The platform alternately provides driving voltage by controlling the time sequence of the two groups of piezoelectric driving units, when only one group of piezoelectric driving units works, the piezoelectric stacks in the group are electrified, the piezoelectric stacks slowly extend, and the flexible hinge mechanisms in the group are driven to do parasitic inertial motion to push the rotor to rotate; when the group of piezoelectric stacks lose electricity, the piezoelectric stacks in the other group of piezoelectric driving units are slowly extended by electricity, and the flexible hinge mechanisms in the other group are driven to do parasitic inertial motion to push the rotor to continuously rotate. In the process, when the piezoelectric stack retracts to the initial position after losing power, the flexible hinge mechanism also returns to the initial state, and the rotor keeps the angle after rotating still under the inertia effect. The alternate driving mode can eliminate the backspacing phenomenon of the rotor in the motion period, greatly increase the output load and improve the output performance.

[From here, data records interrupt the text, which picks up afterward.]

definition sing_set :: "(real \<Rightarrow> real^'d) \<Rightarrow> real \<Rightarrow> nat \<Rightarrow> real \<Rightarrow> (real \<times> real) set" where
  "sing_set \<gamma> L E c0 =
     (let k = nat \<lfloor>L * sqrt (real E) / c0\<rfloor> + 1;
          \<delta>0 = L / real k;
          I = (\<lambda>i::nat. {(real i - 1) * \<delta>0 .. real i * \<delta>0})
      in \<Union>{I i \<times> I j | i j. i \<in> {1..k} \<and> j \<in> {1..k} \<and>
                 (\<exists>s1\<in>I i. \<exists>s2\<in>I j. \<bar>cov_r \<gamma> E s1 s2\<bar> > 1/2)})"

end

theory Submission
  imports Defs
begin

text \<open>
  On the diagonal \<open>r = 1\<close>, \<open>r\<^sub>1 = 0\<close> and \<open>r\<^sub>1\<^sub>2 = v = 4\<pi>\<^sup>2 E / d\<close>: coordinate reflections and
  permutations preserve the lattice points on the sphere \<open>|\<mu>|\<^sup>2 = E\<close>, which forces their second
  moment tensor to be \<open>E / d\<close> times the identity. Hence \<open>K\<^sub>1 = 2 sqrt (E / d)\<close>, so
  \<open>K\<^sub>1(t\<^sub>1) K\<^sub>1(t\<^sub>2) = v / \<pi>\<^sup>2\<close>, while Gaussian regression expresses \<open>K\<^sub>2\<close> as the mean of \<open>|X| |Y|\<close>
  divided by \<open>2\<pi> sqrt (1 - r\<^sup>2)\<close>, for a centred Gaussian vector \<open>(X, Y)\<close> with covariance entries
  \<open>v - r\<^sub>1\<^sup>2/(1 - r\<^sup>2)\<close>, \<open>r\<^sub>1\<^sub>2 + r r\<^sub>1 r\<^sub>2/(1 - r\<^sup>2)\<close>, \<open>v - r\<^sub>2\<^sup>2/(1 - r\<^sup>2)\<close>.

  Outside the singular set \<open>|r| \<le> 1/2\<close>. Let \<open>Q = r\<^sup>2 + r\<^sub>1\<^sup>2/E + r\<^sub>2\<^sup>2/E + r\<^sub>1\<^sub>2\<^sup>2/E\<^sup>2\<close>. If \<open>Q\<close> is small,
  this covariance is within \<open>E\<cdot>O(Q)\<close> of \<open>v\<close> times the identity, and the elementary bounds
  \<open>sqrt D \<cdot> 2/\<pi> \<le> mean of |X| |Y| \<le> sqrt D \<cdot> 2/\<pi> + b\<^sup>2 / sqrt D \<cdot> 2 sqrt (2/\<pi>)\<close>, with \<open>D\<close> the
  determinant and \<open>b\<close> the covariance of \<open>X\<close> and \<open>Y\<close>, give \<open>|K\<^sub>2 - K\<^sub>1 K\<^sub>1| = E\<cdot>O(Q)\<close>. Otherwise
  the a priori bounds \<open>|r\<^sub>1| \<le> 2\<pi> sqrt E\<close> and \<open>|r\<^sub>1\<^sub>2| \<le> 4\<pi>\<^sup>2 E\<close> give \<open>|K\<^sub>2 - K\<^sub>1 K\<^sub>1| = O(E) = E\<cdot>O(Q)\<close>.
\<close>

section \<open>Absolute moments of Gaussian vectors\<close>

lemma std_normal_density_le_half: "std_normal_density z \<le> 1/2"
proof -
  have "2 \<le> sqrt (2 * pi)"
    using pi_gt3 by (simp add: real_le_rsqrt)
  then have "1 / sqrt (2 * pi) \<le> 1/2"
    by (simp add: field_simps)
  then have "1 / sqrt (2 * pi) * exp (- z\<^sup>2 / 2) \<le> 1/2 * 1"
    by (intro mult_mono) auto
  then show ?thesis
    by (simp add: std_normal_density_def)
qed

lemma integral_std_normal_abs: "(LINT z|lborel. std_normal_density z * \<bar>z\<bar>) = sqrt (2 / pi)"
  using integral_std_normal_moment_abs_odd[of 0] by simp

lemma integral_std_normal_abs_cube: "(LINT z|lborel. std_normal_density z * \<bar>z\<bar>^3) = 2 * sqrt (2 / pi)"
  using integral_std_normal_moment_abs_odd[of 1] by (simp add: numeral_3_eq_3)

lemma integral_std_normal_sq: "(LINT z|lborel. std_normal_density z * z\<^sup>2) = 1"
  using integral_std_normal_moment_even[of 1] by simp

lemma integrable_std_normal_abs: "integrable lborel (\<lambda>z. std_normal_density z * \<bar>z\<bar>)"
  using integrable_std_normal_moment_abs[of 1] by simp

lemma integrable_std_normal: "integrable lborel std_normal_density"
  using integrable_std_normal_moment_abs[of 0] by simp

The thin-wall flexible hinge mechanism is arranged on the base through a screw; the piezoelectric stack can be pre-tightened through a pre-tightening wedge block; the pretightening nut can adjust the initial pretightening force between the thin-wall flexible hinge mechanism and the rotor;

the piezoelectric stack adopts a piezoelectric ceramic stack PZT with a shape controllable surface, and piezoelectric signals adopt a piezoelectric signal time sequence in a sawtooth wave or triangular wave form to control the piezoelectric stack, so that the piezoelectric stack slowly extends according to the time sequence to push the flexible hinge mechanism to alternately do parasitic inertia motion, thereby realizing the rotation motion of the rotor.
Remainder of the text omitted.